Growth temperature-controlled Gilbert damping and anisotropies in PLD grown epitaxial Co2FeSi Heusler alloy thin film

Abstract

The utilization of spin rather than charge as a functional aspect in the electronic devices will result in an energy-efficient, thermally stable, and fast operation. Cobalt-based Heusler alloy Co2FeSi (CFS) offers excellent possibilities due to its high curie temperature, large spin polarization, and low Gilbert damping (α). Small damping makes the alloy fascinating for spin transfer torque magnetoresistive random-access memory (STT-MRAM) devices where a low α causes a low value of switching current. The present investigation explored the effect of deposition temperature on the chemical, structural and magnetic properties of the pulsed laser deposition grown single-crystal CFS film of thickness 50 nm on a lattice-matched (001) MgO substrate.
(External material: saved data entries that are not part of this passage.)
(* Let $G=(V,E)$ be a simple undirected graph. A vector $x\in\{0,1\}^{E^c}$ satisfies $$\sum_{f\in \textnormal{int}(C)} x_f-(|C|-3)\Big(\sum_{f\in F(C)}x_f-|F(C)|+1\Big)\ \ge 0$$ for every $C\in\mathcal{C}$ with $\textnormal{int}(C)\cap E=\emptyset$ if and only if $x\in X(G)$. Consequently the integer program of minimizing $\sum_{f\in E^c}x_f$ over such $x$ is a valid formulation of the minimum chordal completion problem: its optimal solutions are exactly the characteristic vectors of minimum-cardinality chordal completions of $G$.
   Context: $E^c=\binom{V}{2}\setminus E$. For an ordered list $C=(v_0,\ldots,v_{k-1})$ of distinct vertices of $V$: $V(C)=\{v_0,\ldots,v_{k-1}\}$, $|C|=k$, $\textnormal{ext}(C)=\{\{v_{k-1},v_0\}\}\cup\{\{v_{i-1},v_i\}:1\le i\le k-1\}$, $\textnormal{int}(C)=\binom{V(C)}{2}\setminus\textnormal{ext}(C)$, and $F(C)=\textnormal{ext}(C)\setminus E$. $\mathcal{C}$ is the family of all ordered lists of at least three distinct vertices of $V$. For $x\in\{0,1\}^{E^c}$, $E(x)=\{f\in E^c:x_f=1\}$, and $X(G)=\{x\in\{0,1\}^{E^c}: (V,E\cup E(x))\text{ is chordal}\}$, where a graph is chordal if every cycle with at least four vertices has a chord (an edge joining two nonconsecutive vertices of the cycle). A chordal completion of $G$ is a set $F\subseteq E^c$ with $(V,E\cup F)$ chordal. *)

theory Defs
  imports Main
begin

definition binom2 :: "'a set \<Rightarrow> 'a set set" where
  "binom2 S = {e. e \<subseteq> S \<and> card e = 2}"

definition simple_graph :: "'a set \<Rightarrow> 'a set set \<Rightarrow> bool" where
  "simple_graph V E \<longleftrightarrow> finite V \<and> E \<subseteq> binom2 V"

definition Ecomp :: "'a set \<Rightarrow> 'a set set \<Rightarrow> 'a set set" where
  "Ecomp V E = binom2 V - E"

definition ext :: "'a list \<Rightarrow> 'a set set" where
  "ext C = {{C ! (length C - 1), C ! 0}} \<union> {{C ! (i - 1), C ! i} | i. 1 \<le> i \<and> i \<le> length C - 1}"

definition intr :: "'a list \<Rightarrow> 'a set set" where
  "intr C = binom2 (set C) - ext C"

definition Fc :: "'a set set \<Rightarrow> 'a list \<Rightarrow> 'a set set" where
  "Fc E C = ext C - E"

definition calC :: "'a set \<Rightarrow> 'a list set" where
  "calC V = {C. distinct C \<and> set C \<subseteq> V \<and> length C \<ge> 3}"

definition is_cycle :: "'a set \<Rightarrow> 'a set set \<Rightarrow> 'a list \<Rightarrow> bool" where
  "is_cycle V E C \<longleftrightarrow> distinct C \<and> set C \<subseteq> V \<and> length C \<ge> 3 \<and> ext C \<subseteq> E"

definition has_chord :: "'a set set \<Rightarrow> 'a list \<Rightarrow> bool" where
  "has_chord E C \<longleftrightarrow> (\<exists>e\<in>E. e \<in> binom2 (set C) \<and> e \<notin> ext C)"

definition chordal :: "'a set \<Rightarrow> 'a set set \<Rightarrow> bool" where
  "chordal V E \<longleftrightarrow> (\<forall>C. is_cycle V E C \<and> length C \<ge> 4 \<longrightarrow> has_chord E C)"

text \<open>0/1 vectors indexed by E^c (represented as functions vanishing outside E^c).\<close>

definition binvecs :: "'a set \<Rightarrow> 'a set set \<Rightarrow> ('a set \<Rightarrow> int) set" where
  "binvecs V E = {x. (\<forall>f\<in>Ecomp V E. x f \<in> {0, 1}) \<and> (\<forall>f. f \<notin> Ecomp V E \<longrightarrow> x f = 0)}"

definition Ex :: "'a set \<Rightarrow> 'a set set \<Rightarrow> ('a set \<Rightarrow> int) \<Rightarrow> 'a set set" where
  "Ex V E x = {f \<in> Ecomp V E. x f = 1}"

definition XG :: "'a set \<Rightarrow> 'a set set \<Rightarrow> ('a set \<Rightarrow> int) set" where
  "XG V E = {x \<in> binvecs V E. chordal V (E \<union> Ex V E x)}"

definition chordal_completion :: "'a set \<Rightarrow> 'a set set \<Rightarrow> 'a set set \<Rightarrow> bool" where
  "chordal_completion V E F \<longleftrightarrow> F \<subseteq> Ecomp V E \<and> chordal V (E \<union> F)"

definition charvec :: "'a set set \<Rightarrow> 'a set \<Rightarrow> int" where
  "charvec F = (\<lambda>f. if f \<in> F then 1 else 0)"

definition cycle_ineq :: "'a set set \<Rightarrow> ('a set \<Rightarrow> int) \<Rightarrow> 'a list \<Rightarrow> bool" where
  "cycle_ineq E x C \<longleftrightarrow>
     (\<Sum>f\<in>intr C. x f) - (int (length C) - 3) * ((\<Sum>f\<in>Fc E C. x f) - int (card (Fc E C)) + 1) \<ge> 0"

definition feasible :: "'a set \<Rightarrow> 'a set set \<Rightarrow> ('a set \<Rightarrow> int) set" where
  "feasible V E = {x \<in> binvecs V E. \<forall>C\<in>calC V. intr C \<inter> E = {} \<longrightarrow> cycle_ineq E x C}"

end

theory Submission
  imports Defs
begin
lemma normalized_shift_twist_iff:
  assumes g: "g \<ge> 2" and n: "n \<ge> 1"
  shows "normalized g n (shift g n (twist g n a b) m) \<longleftrightarrow>
    (\<forall>i\<in>{2..n}. a i = m (2, 0, {i})) \<and>
    b = - ((m (2, 0, {1}) + (\<Sum>i\<in>{2..n}. m (2, 0, {i}))) div (2 * int g - 2))"
proof -
  let ?K = "2 * int g - 2"
  have first: "shift g n (twist g n a b) m (2, 0, {1}) = m (2, 0, {1}) + (\<Sum>j\<in>{2..n}. a j) + b * ?K"
    using two_edge_vine_in_Dgn[OF g, of 1 n] n twist_at_first_marking[of g n a b] by (simp add: shift_def)
  have other: "shift g n (twist g n a b) m (2, 0, {i}) = m (2, 0, {i}) - a i" if "i \<in> {2..n}" for i
    using two_edge_vine_in_Dgn[OF g, of i n] that by (simp add: shift_def twist_at_marking)
  have "normalized g n (shift g n (twist g n a b) m) \<longleftrightarrow>
      (\<forall>i\<in>{2..n}. a i = m (2, 0, {i})) \<and> m (2, 0, {1}) + (\<Sum>j\<in>{2..n}. a j) + b * ?K \<in> {0..?K - 1}"
    unfolding normalized_def first by (auto simp: other)
  also have "\<dots> \<longleftrightarrow> (\<forall>i\<in>{2..n}. a i = m (2, 0, {i})) \<and>
      (m (2, 0, {1}) + (\<Sum>i\<in>{2..n}. m (2, 0, {i}))) + b * ?K \<in> {0..?K - 1}"
    using sum.cong[OF refl, of "{2..n}" a "\<lambda>i. m (2, 0, {i})"] by auto
  also have "\<dots> \<longleftrightarrow> (\<forall>i\<in>{2..n}. a i = m (2, 0, {i})) \<and>
      b = - ((m (2, 0, {1}) + (\<Sum>i\<in>{2..n}. m (2, 0, {i}))) div ?K)"
    using g by (simp only: add_mult_in_range_iff[of ?K])
  finally show ?thesis .
qed

theorem mainTheorem8:
  fixes g n :: nat and d :: int
  assumes "g \<ge> 2" and "n \<ge> 1"
  shows "(\<forall>f \<in> gens g n. bij_betw f (USC g n d) (USC g n d)) \<and>
         (\<forall>m \<in> USC g n d. \<exists>!m'. m' \<in> orbit g n d m \<and> normalized g n m')"
proof (intro conjI ballI)
  fix f assume "f \<in> gens g n"
  then show "bij_betw f (USC g n d) (USC g n d)" using gens_bij[OF assms(2)] by blast
next
  fix m assume m: "m \<in> USC g n d"
  define a where "a i = m (2, 0, {i})" for i
  define b where "b = - ((m (2, 0, {1}) + (\<Sum>i\<in>{2..n}. m (2, 0, {i}))) div (2 * int g - 2))"
  note orbit = orbit_iff[OF assms(2) m] and normal = normalized_shift_twist_iff[OF assms]
  show "\<exists>!m'. m' \<in> orbit g n d m \<and> normalized g n m'"
  proof (rule ex1I)
    show "shift g n (twist g n a b) m \<in> orbit g n d m \<and> normalized g n (shift g n (twist g n a b) m)"
      using orbit normal by (auto simp: a_def b_def)
  next
    fix m' assume "m' \<in> orbit g n d m \<and> normalized g n m'"
    then obtain a' b' where m': "m' = shift g n (twist g n a' b') m"
      and "\<forall>i\<in>{2..n}. a' i = a i" "b' = b"
      using orbit normal by (auto simp: a_def b_def)
    then show "m' = shift g n (twist g n a b) m" using twist_cong by metis
  qed
qed

end
lemma lagrange_weight_remove:
  assumes "finite A" "c \<in> A" "x \<in> A" "x \<noteq> c"
  shows "lagrange_weight A x * (x - c) = lagrange_weight (A - {c}) x"
proof -
  have "A - {x} - {c} = A - {c} - {x}"
    by auto
  then have "(\<Prod>y\<in>A - {x}. x - y) = (x - c) * (\<Prod>y\<in>A - {c} - {x}. x - y)"
    using assms by (metis prod.remove finite_Diff insert_Diff insert_iff)
  then show ?thesis
    using assms(4) by (simp add: lagrange_weight_def inverse_mult_distrib)
qed

lemma divdiff_power_remove:
  assumes "finite A" "c \<in> A"
  shows "divdiff_power A (Suc k) = c * divdiff_power A k + divdiff_power (A - {c}) k"
proof -
  have "divdiff_power A (Suc k) - c * divdiff_power A k = (\<Sum>x\<in>A. x ^ k * (lagrange_weight A x * (x - c)))"
    unfolding divdiff_power_def by (simp add: sum_distrib_left sum_subtractf[symmetric] algebra_simps)
  also have "\<dots> = (\<Sum>x\<in>A - {c}. x ^ k * (lagrange_weight A x * (x - c)))"
    using assms by (intro sum.mono_neutral_right) auto
  also have "\<dots> = divdiff_power (A - {c}) k"
    unfolding divdiff_power_def using assms by (intro sum.cong) (auto simp: lagrange_weight_remove)
  finally show ?thesis
    by simp
qed

lemma divdiff_power_insert:
  "finite B \<Longrightarrow> c \<notin> B \<Longrightarrow>
    divdiff_power (insert c B) (Suc k) = c * divdiff_power (insert c B) k + divdiff_power B k"
  using divdiff_power_remove[of "insert c B" c k] by simp

lemma divdiff_power_0:
  "finite A \<Longrightarrow> divdiff_power A 0 = (if card A = 1 then 1 else 0)"
proof (induction "card A" arbitrary: A rule: less_induct)
  case less
  show ?case
  proof (cases "card A \<le> 1")
    case True
    then have "A = {} \<or> (\<exists>x. A = {x})"
      using less.prems by (metis card_0_eq card_1_singleton_iff le_Suc_eq le_zero_eq One_nat_def)
    then show ?thesis
      by (auto simp: divdiff_power_def lagrange_weight_def)
  next
    case False
    then obtain b c where bc: "b \<in> A" "c \<in> A" "b \<noteq> c"
      using card_le_Suc0_iff_eq[OF less.prems] by auto
    have "card A > 0"
      using bc less.prems card_gt_0_iff by blast
    then have "divdiff_power (A - {b}) 0 = divdiff_power (A - {c}) 0"
      using less.hyps[of "A - {b}"] less.hyps[of "A - {c}"] less.prems bc
      by (simp add: card_Diff_singleton)
    then have "b * divdiff_power A 0 = c * divdiff_power A 0"
      using divdiff_power_remove[OF less.prems bc(1), of 0] divdiff_power_remove[OF less.prems bc(2), of 0]
      by auto
    then show ?thesis
      using bc(3) False by simp
  qed
qed

lemma divdiff_power_below:
  "finite A \<Longrightarrow> k + 2 \<le> card A \<Longrightarrow> divdiff_power A k = 0"
proof (induction k arbitrary: A)
  case 0
  then show ?case
    by (simp add: divdiff_power_0)
next
  case (Suc k)
  then obtain c where "c \<in> A"
    by fastforce
  then show ?case
    using Suc by (simp add: divdiff_power_remove card_Diff_singleton)
qed

lemma divdiff_power_pred_card:
  "finite A \<Longrightarrow> k + 1 = card A \<Longrightarrow> divdiff_power A k = 1"
proof (induction A arbitrary: k rule: finite_induct)
  case (insert c B)
  show ?case
  proof (cases k)
    case 0
    then show ?thesis
      using insert by (simp add: divdiff_power_0)
  next
    case (Suc k')
    have "divdiff_power (insert c B) k' = 0"
      using insert Suc by (intro divdiff_power_below) auto
    moreover have "divdiff_power B k' = 1"
      using insert Suc by simp
    ultimately show ?thesis
      unfolding Suc using divdiff_power_insert[OF insert(1,2), of k'] by simp
  qed
qed simp

lemma divdiff_power_card:
  "finite A \<Longrightarrow> divdiff_power A (card A) = \<Sum>A"
proof (induction A rule: finite_induct)
  case (insert c B)
  then show ?case
    by (simp add: divdiff_power_insert divdiff_power_pred_card)
qed (simp add: divdiff_power_def)

lemma divdiff_power_Suc_card:
  "finite A \<Longrightarrow> divdiff_power A (Suc (card A)) = complete_homog2 A"
proof (induction A rule: finite_induct)
  case (insert c B)
  have "divdiff_power (insert c B) (Suc (card B)) = \<Sum>(insert c B)"
    using divdiff_power_card[of "insert c B"] insert by simp
  then show ?case
    using insert
    by (simp add: divdiff_power_insert complete_homog2_def power2_eq_square algebra_simps)
qed (simp add: divdiff_power_def complete_homog2_def)

lemma divdiff_power_offset:
  assumes "finite A" "int k = int (card A) - 1 + j"
  shows "j < 0 \<Longrightarrow> divdiff_power A k = 0"
    and "j = 0 \<Longrightarrow> divdiff_power A k = 1"
    and "j = 1 \<Longrightarrow> divdiff_power A k = \<Sum>A"
    and "j = 2 \<Longrightarrow> divdiff_power A k = complete_homog2 A"
proof -
  show "j < 0 \<Longrightarrow> divdiff_power A k = 0"
    using assms by (intro divdiff_power_below) auto
  show "j = 0 \<Longrightarrow> divdiff_power A k = 1"
    using assms by (intro divdiff_power_pred_card) auto
  have "j = 1 \<Longrightarrow> k = card A"
    using assms(2) by linarith
  then show "j = 1 \<Longrightarrow> divdiff_power A k = \<Sum>A"
    using divdiff_power_card[OF assms(1)] by simp
  have "j = 2 \<Longrightarrow> k = Suc (card A)"
    using assms(2) by linarith
  then show "j = 2 \<Longrightarrow> divdiff_power A k = complete_homog2 A"
    using divdiff_power_Suc_card[OF assms(1)] by simp
qed
lemma isoT_iff:
  "isoT pl P E m Ls Ls' \<longleftrightarrow> (\<exists>\<phi>. bij_betw \<phi> (hd Ls) (hd Ls') \<and>
     (\<forall>a \<in> hd Ls. \<forall>b \<in> hd Ls. (a, b) \<in> E \<longleftrightarrow> (\<phi> a, \<phi> b) \<in> E) \<and>
     map ((`) \<phi>) Ls = Ls' \<and>
     (pl \<longrightarrow> (\<forall>c \<in> hd Ls. \<forall>a \<in> hd Ls. \<forall>b \<in> hd Ls.
        (c, a) \<in> E \<and> (c, b) \<in> E \<longrightarrow> (P a b \<longleftrightarrow> P (\<phi> a) (\<phi> b)))))"
  unfolding isoT_def by (auto simp: list_eq_iff_nth_eq)

lemma isoG_iff:
  "isoG m c c' \<longleftrightarrow> (\<exists>\<phi>. bij_betw \<phi> (\<Union> (set (snd c))) (\<Union> (set (snd c'))) \<and>
     (`) \<phi> ` fst c = fst c' \<and> map ((`) \<phi>) (snd c) = snd c')"
  by (cases c; cases c') (auto simp: isoG_def list_eq_iff_nth_eq)

lemma isoT_refl: "isoT pl P E m Ls Ls"
  unfolding isoT_iff by (intro exI[of _ id]) auto

lemma isoG_refl: "isoG m c c"
  unfolding isoG_iff by (intro exI[of _ id]) auto
lemma int_square_mod_4: "(a :: int) ^ 2 mod 4 = (if even a then 0 else 1)"
proof (cases "even a")
  case True
  then obtain c where "a = 2 * c" by blast
  then show ?thesis by (simp add: power2_eq_square)
next
  case False
  then obtain c where "a = 2 * c + 1" by (blast elim: oddE)
  then have "a ^ 2 = 4 * (c ^ 2 + c) + 1"
    by (simp add: power2_eq_square algebra_simps)
  then have "a ^ 2 mod 4 = 1"
    by (simp only: mod_mult_self4) simp
  then show ?thesis
    using False by simp
qed

lemma sum_squares_mod_4:
  "((a :: int) ^ 2 + b ^ 2) mod 4 = (if even a then 0 else 1) + (if even b then 0 else 1)"
proof -
  have "(a ^ 2 + b ^ 2) mod 4 = (a ^ 2 mod 4 + b ^ 2 mod 4) mod 4"
    by (rule mod_add_eq[symmetric])
  then show ?thesis
    by (simp add: int_square_mod_4)
qed

lemma sum_two_squares_eq_imp:
  "(a :: int) ^ 2 + b ^ 2 = 2 * 4 ^ k \<Longrightarrow> a ^ 2 = 4 ^ k"
proof (induction k arbitrary: a b)
  case 0
  then have "odd a" and "odd b"
    using sum_squares_mod_4[of a b] by (simp_all split: if_splits)
  then have "a \<noteq> 0" and "b \<noteq> 0"
    by auto
  then have "1 \<le> a ^ 2" and "1 \<le> b ^ 2"
    by (simp_all add: int_one_le_iff_zero_less)
  then show ?case
    using "0.prems" by simp
next
  case (Suc k)
  then have "even a" and "even b"
    using sum_squares_mod_4[of a b] by (simp_all split: if_splits)
  then obtain a' b' where ab: "a = 2 * a'" "b = 2 * b'"
    by blast
  then have "a' ^ 2 + b' ^ 2 = 2 * 4 ^ k"
    using Suc.prems by (simp add: power_mult_distrib)
  then show ?case
    using Suc.IH ab by (simp add: power_mult_distrib)
qed

lemma sum_two_squares_eq_iff:
  "(a :: int) ^ 2 + b ^ 2 = 2 * 4 ^ k \<longleftrightarrow> \<bar>a\<bar> = 2 ^ k \<and> \<bar>b\<bar> = 2 ^ k"
proof -
  have abs_eq: "\<bar>c\<bar> = 2 ^ k \<longleftrightarrow> c ^ 2 = 4 ^ k" for c :: int
  proof -
    have "\<bar>c\<bar> = 2 ^ k \<longleftrightarrow> \<bar>c\<bar> ^ 2 = (2 ^ k) ^ 2"
      by (rule power2_eq_iff_nonneg[symmetric]) simp_all
    moreover have "(2 ^ k) ^ 2 = (4 :: int) ^ k"
      by (simp add: power2_eq_square flip: power_mult_distrib)
    ultimately show ?thesis
      by simp
  qed
  show ?thesis
    using sum_two_squares_eq_imp[of a b k] sum_two_squares_eq_imp[of b a k]
    by (auto simp: abs_eq add.commute)
qed

lemma cmod_combination_eq_power_iff:
  "cmod ((1 + \<i>) / 2 * of_int a + (1 - \<i>) / 2 * of_int b) = 2 ^ k
    \<longleftrightarrow> a ^ 2 + b ^ 2 = 2 * 4 ^ k"
proof -
  define z where "z = (1 + \<i>) / 2 * of_int a + (1 - \<i>) / 2 * of_int b"
  have Re: "Re z = (a + b) / 2" and Im: "Im z = (a - b) / 2"
    by (simp_all add: z_def field_simps)
  have "cmod z ^ 2 = ((a + b) / 2) ^ 2 + ((a - b) / 2) ^ 2"
    by (simp only: cmod_power2 Re Im)
  also have "\<dots> = (a ^ 2 + b ^ 2) / 2"
    by (simp add: power2_eq_square field_simps)
  finally have square: "cmod z ^ 2 = (a ^ 2 + b ^ 2) / 2" .
  have "cmod z = 2 ^ k \<longleftrightarrow> cmod z ^ 2 = (2 ^ k) ^ 2"
    by (rule power2_eq_iff_nonneg[symmetric]) simp_all
  also have "\<dots> \<longleftrightarrow> (a ^ 2 + b ^ 2) / 2 = 4 ^ k"
    by (simp only: square) (simp add: power2_eq_square flip: power_mult_distrib)
  also have "\<dots> \<longleftrightarrow> real_of_int (a ^ 2 + b ^ 2) = real_of_int (2 * 4 ^ k)"
    by (simp add: mult.commute)
  finally show ?thesis
    by (simp only: z_def of_int_eq_iff)
qed

section \<open>Coordinates in a self-dual basis\<close>

locale self_dual_basis_field =
  fixes n :: nat and \<alpha> :: "nat \<Rightarrow> 'a::{field,finite}"
  assumes card_UNIV: "card (UNIV :: 'a set) = 2 ^ n"
    and self_dual: "self_dual_basis n \<alpha>"
begin

lemmas CHAR_eq_2 = CHAR_eq_2[OF card_UNIV]
  and tr_zero_one = tr_zero_one[OF card_UNIV]

lemma tr_add: "tr n ((x :: 'a) + y) = tr n x + tr n y"
  by (rule tr_add_CHAR_2[OF CHAR_eq_2])

lemma tr_basis_mult: "i < n \<Longrightarrow> j < n \<Longrightarrow> tr n (\<alpha> i * \<alpha> j) = (if i = j then 1 else 0)"
  using self_dual by (simp add: self_dual_basis_def)

lemma tr_basis: "i < n \<Longrightarrow> tr n (\<alpha> i) = 1"
  using tr_basis_mult[of i i] tr_square_eq[OF card_UNIV, of "\<alpha> i"] by (simp add: power2_eq_square)

lemma tr_basis_mult_sum:
  assumes "j < n" and "S \<subseteq> {..<n}"
  shows "tr n (\<alpha> j * (\<Sum>i\<in>S. \<alpha> i)) = (if j \<in> S then 1 else 0)"
proof -
  have "tr n (\<alpha> j * (\<Sum>i\<in>S. \<alpha> i)) = (\<Sum>i\<in>S. if j = i then 1 else 0)"
    using assms
    by (auto simp: sum_distrib_left tr_sum_CHAR_2[OF CHAR_eq_2] tr_basis_mult intro!: sum.cong)
  then show ?thesis
    using assms finite_subset[of S "{..<n}"] by simp
qed

lemma ex_subset_sum_basis: "\<exists>S \<subseteq> {..<n}. x = (\<Sum>i\<in>S. \<alpha> i)"
proof -
  let ?\<psi> = "\<lambda>S. \<Sum>i\<in>S. \<alpha> i"
  have "inj_on ?\<psi> (Pow {..<n})"
  proof (rule inj_onI)
    fix S T assume "S \<in> Pow {..<n}" and "T \<in> Pow {..<n}" and "?\<psi> S = ?\<psi> T"
    then show "S = T"
      using tr_basis_mult_sum[of _ S] tr_basis_mult_sum[of _ T]
      by (metis PowD lessThan_iff one_neq_zero subset_antisym subsetI subset_iff)
  qed
  then have "card (?\<psi> ` Pow {..<n}) = card (UNIV :: 'a set)"
    by (simp add: card_image card_Pow card_UNIV)
  then have "?\<psi> ` Pow {..<n} = UNIV"
    by (simp add: card_subset_eq)
  then show ?thesis
    by (metis PowD UNIV_I imageE)
qed

definition support :: "'a \<Rightarrow> nat set" where
  "support x = {i. i < n \<and> tr n (\<alpha> i * x) \<noteq> 0}"

lemma wt_eq_card_support: "wt n \<alpha> x = card (support x)"
  by (simp add: wt_def support_def)

lemma finite_support: "finite (support x)"
  by (simp add: support_def)

lemma support_subset: "support x \<subseteq> {..<n}"
  by (auto simp: support_def)

lemma sum_basis_support: "(\<Sum>i\<in>support x. \<alpha> i) = x"
proof -
  obtain S where S: "S \<subseteq> {..<n}" and x: "x = (\<Sum>i\<in>S. \<alpha> i)"
    using ex_subset_sum_basis by blast
  have "i \<in> support x \<longleftrightarrow> i \<in> S" for i
    using S tr_basis_mult_sum[OF _ S, of i] unfolding support_def x by (cases "i < n") auto
  then have "support x = S"
    by blast
  then show ?thesis
    using x by simp
qed

lemma tr_basis_mult_support:
  assumes "i < n"
  shows "tr n (\<alpha> i * x) = (if i \<in> support x then 1 else 0)"
proof -
  have "tr n (\<alpha> i * x) = tr n (\<alpha> i * (\<Sum>j\<in>support x. \<alpha> j))"
    by (simp only: sum_basis_support)
  also have "\<dots> = (if i \<in> support x then 1 else 0)"
    by (rule tr_basis_mult_sum[OF assms support_subset])
  finally show ?thesis .
qed

definition lin_part :: 'a where
  "lin_part = (\<Sum>i<n. quad_form n (\<alpha> i) * \<alpha> i)"

definition all_ones :: 'a where
  "all_ones = (\<Sum>i<n. \<alpha> i)"

lemma sum_lessThan_if_support: "(\<Sum>i<n. if i \<in> support x then f i else 0) = (\<Sum>i\<in>support x. f i)"
  by (simp add: sum.If_cases support_def Int_def conj_commute)

lemma tr_all_ones_mult: "tr n (all_ones * x) = of_nat (wt n \<alpha> x)"
  by (simp add: all_ones_def sum_distrib_right tr_sum_CHAR_2[OF CHAR_eq_2] tr_basis_mult_support
      sum_lessThan_if_support wt_eq_card_support)

lemma tr_lin_part_mult:
  assumes "even n"
  shows "tr n (lin_part * x) = (\<Sum>i\<in>support x. quad_form n (\<alpha> i))"
proof -
  have "tr n (lin_part * x) = (\<Sum>i<n. quad_form n (\<alpha> i) * tr n (\<alpha> i * x))"
    by (simp add: lin_part_def sum_distrib_right tr_sum_CHAR_2[OF CHAR_eq_2] mult.assoc
        tr_mult_zero_one[OF quad_form_zero_one[OF card_UNIV assms]])
  then show ?thesis
    by (simp add: tr_basis_mult_support if_distrib sum_lessThan_if_support cong: if_cong)
qed
lemma itin_exists_SFin:
  assumes "\<forall>k\<ge>1. sseq_shiftn k (SFin xs) \<noteq> Some (kneading_plus s)"
  shows "\<exists>r. itin s r = SFin (map SInt xs)"
  using assms
proof (induction xs)
  case Nil
  show ?case by (auto intro: exI[of _ Infty])
next
  case (Cons a xs)
  have shift: "sseq_shiftn (Suc k) (SFin (a # xs)) = sseq_shiftn k (SFin xs)" for k
    using sseq_shiftn_Suc_sseq_cons[of k a "SFin xs"] by simp
  have "\<forall>k\<ge>1. sseq_shiftn k (SFin xs) \<noteq> Some (kneading_plus s)"
  proof (intro allI impI)
    fix k :: nat assume "k \<ge> 1"
    then show "sseq_shiftn k (SFin xs) \<noteq> Some (kneading_plus s)"
      using Cons.prems[rule_format, of "Suc k"] shift[of k] by simp
  qed
  then obtain r where r: "itin s r = SFin (map SInt xs)" using Cons.IH by blast
  have "r \<noteq> s"
  proof
    assume "r = s"
    with r have "kneading_plus s = SFin xs"
      unfolding kneading_plus_def by (intro itin_plus_SInt) simp
    with Cons.prems shift[of 0] show False by auto
  qed
  with r show ?case by (metis itin_addr_cons_sector sseq_cons.simps(1) list.simps(9))
qed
The XRD data suggest that Co site atomic ordering and overall film crystallinity improved with temperature, resulting in a minimal value of α obtained from ferromagnetic resonance (FMR) experiment in the film grown at 600°C. The azimuthal angular variation (φ) of FMR field data gives a fourfold anisotropy pattern that confirms the single-crystal CFS film epitaxially grown on the MgO substrate. Two in-plane anisotropies, namely cubic (four-fold) and uniaxial, were obtained in all the samples. This investigation is crucial in the fabrication of fast spintronics based memory and processing devices.